AI Needs An All-Terrain Vehicle
In a typical enterprise setup, Airbyte’s Tricot reminds us that structured data flows through extract, transform and load ETL pipelines into warehouses, while files get dumped into data lakes or object storage. The metadata that describes what that data actually relates to (if we remember that metadata is essentially information “about” information) is either somewhere inaccessible or cast aside during processing.
“When establishing agentic AI workflows, this separation becomes catastrophic,” heeds Tricot. “A contract PDF sitting in SharePoint needs to maintain its connection to the vendor record in the enterprise resource planning systems. A support call recording needs its link to the ticket in the service desk. Humans can intuit these connections and make good decisions, but AI cannot. It needs to be fed this relational context to interpret data correctly.”
He says that permissions, authorisations and compliance requirements are also critical elements included in metadata. Without this context, AI is highly risky, especially with personally identifiable information and sensitive data.
Building Unified Data Flows
“I’ve noticed that the data movement principles of old are shifting to a new, integrated approach.
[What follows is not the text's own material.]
(* For the discrete scheme described in the context (any $n\ge1$, $\delta t>0$): (i) $z\mapsto\theta^n(t,z)$ is nondecreasing for every $t\in[0,T)$; (ii) with $\hat\theta^n(t,z)=\theta^n(t,F^n(t,z))$ and $\hat q^n(t,z)=q^n(t,F^n(t,z))$, one has $\hat\theta^n(t,z)+\hat q^n(t,z)=\theta^n_0(z)+q^n_0(z)$; (iii) $t\mapsto\hat\theta^n(t,z)$ is nondecreasing for every $z\in[0,1)$; (iv) $q^n(t,z)\le Q^{sat}(\theta^n(t,z),z,k\delta t)$, where $k$ is the integer with $k\delta t\le t<(k+1)\delta t$.
   Context: $Q^{sat}:\mathbb{R}^3\to\mathbb{R}$ is smooth with $\partial_\theta Q^{sat}>0$, $\partial_zQ^{sat}<0$. $\Theta(w,z,t)$ is the solution $\theta$ of $\theta+Q^{sat}(\theta,z,t)=w$ (assumed well defined), with $\partial_w\Theta>0$, $\partial_z\Theta>0$. Discrete scheme. Fix $T>0$, $n\ge1$, $\delta t>0$, $z_i=i/n$, $J_i=[\frac{i-1}{n},\frac in)$. There are $n$ parcels $j=1,\dots,n$; initially parcel $j$ is at position $j$ with value $\theta^n_j$, where $\theta^n_1\le\dots\le\theta^n_n$ and $q^n_j\le Q^{sat}(\theta^n_j,z_j,0)$; parcel $j$ carries the fixed number $\theta^M_j=\theta^n_j+q^n_j$. One time step from $k\delta t$ to $(k+1)\delta t$, with $\tau=(k+1)\delta t$: positions $m=n,\dots,1$ are processed in this order. At stage $m$, with current configuration (parcel $p(i)$ at position $i$ with value $\vartheta_i$), position $i$ is wet if $\vartheta_i<\Theta(\theta^M_{p(i)},z_i,\tau)$; a wet position $i_0\le m$ is eligible if for every $i$ with $i_0<i\le m$, either $i$ is not wet and $\vartheta_i<\Theta(\theta^M_{p(i_0)},z_i,\tau)$, or $i$ is wet and $\theta^M_{p(i_0)}>\theta^M_{p(i)}$. If some position is eligible, let $i_*$ be the eligible position whose parcel has the largest $\theta^M$ (largest position in case of ties); that parcel moves to position $m$ with new value $\Theta(\theta^M_{p(i_* )},z_m,\tau)$, the parcels at $i_*+1,\dots,m$ move down one position keeping their values, others unchanged; otherwise nothing changes. After stage $1$ one has the configuration at time $(k+1)\delta t$. Let $\alpha_{k\delta t}(j)$ be the position of parcel $j$ after $k$ steps, $\theta^n_i(k\delta t)$ the value at position $i$, and $q^n_i(k\delta t)=\theta^M_p-\theta^n_i(k\delta t)$, $p$ the parcel at position $i$. For $k\delta t\le t<(k+1)\delta t$ and $z\in J_j$: $\theta^n(t,z)=\theta^n_j(k\delta t)$, $q^n(t,z)=q^n_j(k\delta t)$, $F^n(t,z)=z-z_j+z_{\alpha_{k\delta t}(j)}$, $\theta^n_0(z)=\theta^n_j$, $q^n_0(z)=q^n_j$. *)

theory Defs
  imports "HOL-Analysis.Analysis"
begin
Instead of parallel processes for different data types, organisations need to move structured and unstructured data in the same pipelines,” said Tricot. “This starts at ingestion. Whether data arrives as database records or files, capture relationship metadata immediately. A customer email isn’t just text, it’s text connected to a customer ID, a timestamp, a sender and potentially a case number. These connections must travel with the data.”
To make all this work, data teams are advised to convert unstructured data into flexible formats such as Markdown (nicely defined here by Alexander Obregon as a lightweight markup language that is widely used in various fields, particularly in writing, programming, and web development) and load them into lakehouses, such as Iceberg (Apache Iceberg is a high-performance data format for huge analytic tables) that are resilient to schema change. In addition, set up a permission sync data flow to connect security metadata to records and files.
Most critically, advises Tricot, data teams need to maintain explicit relationship mapping. This is to document how product documentation relates to feature requests, how sales calls connect to opportunity records and so on. These relationships already exist implicitly in how your business operates. AI needs them to be explicit and accessible.
The Competitive Reality
“I’ve seen that organisations that get this right gain significant advantages. Their AI agents make better decisions because they have the proper data context. They satisfy audit requirements and maintain security boundaries because metadata with permissions and history flows with the data. Companies that don’t make changes to their architecture to accommodate these needs will find that their AI investments flounder,” said Tricot.
It feels like the importance of metadata preservation will only intensify as AI capabilities expand. In the age of agentic AI, metadata preservation isn’t just about better data management. It’s the difference between AI that actually works, or a very expensive liability that could even cost some people their jobs due to compliance and privacy violations.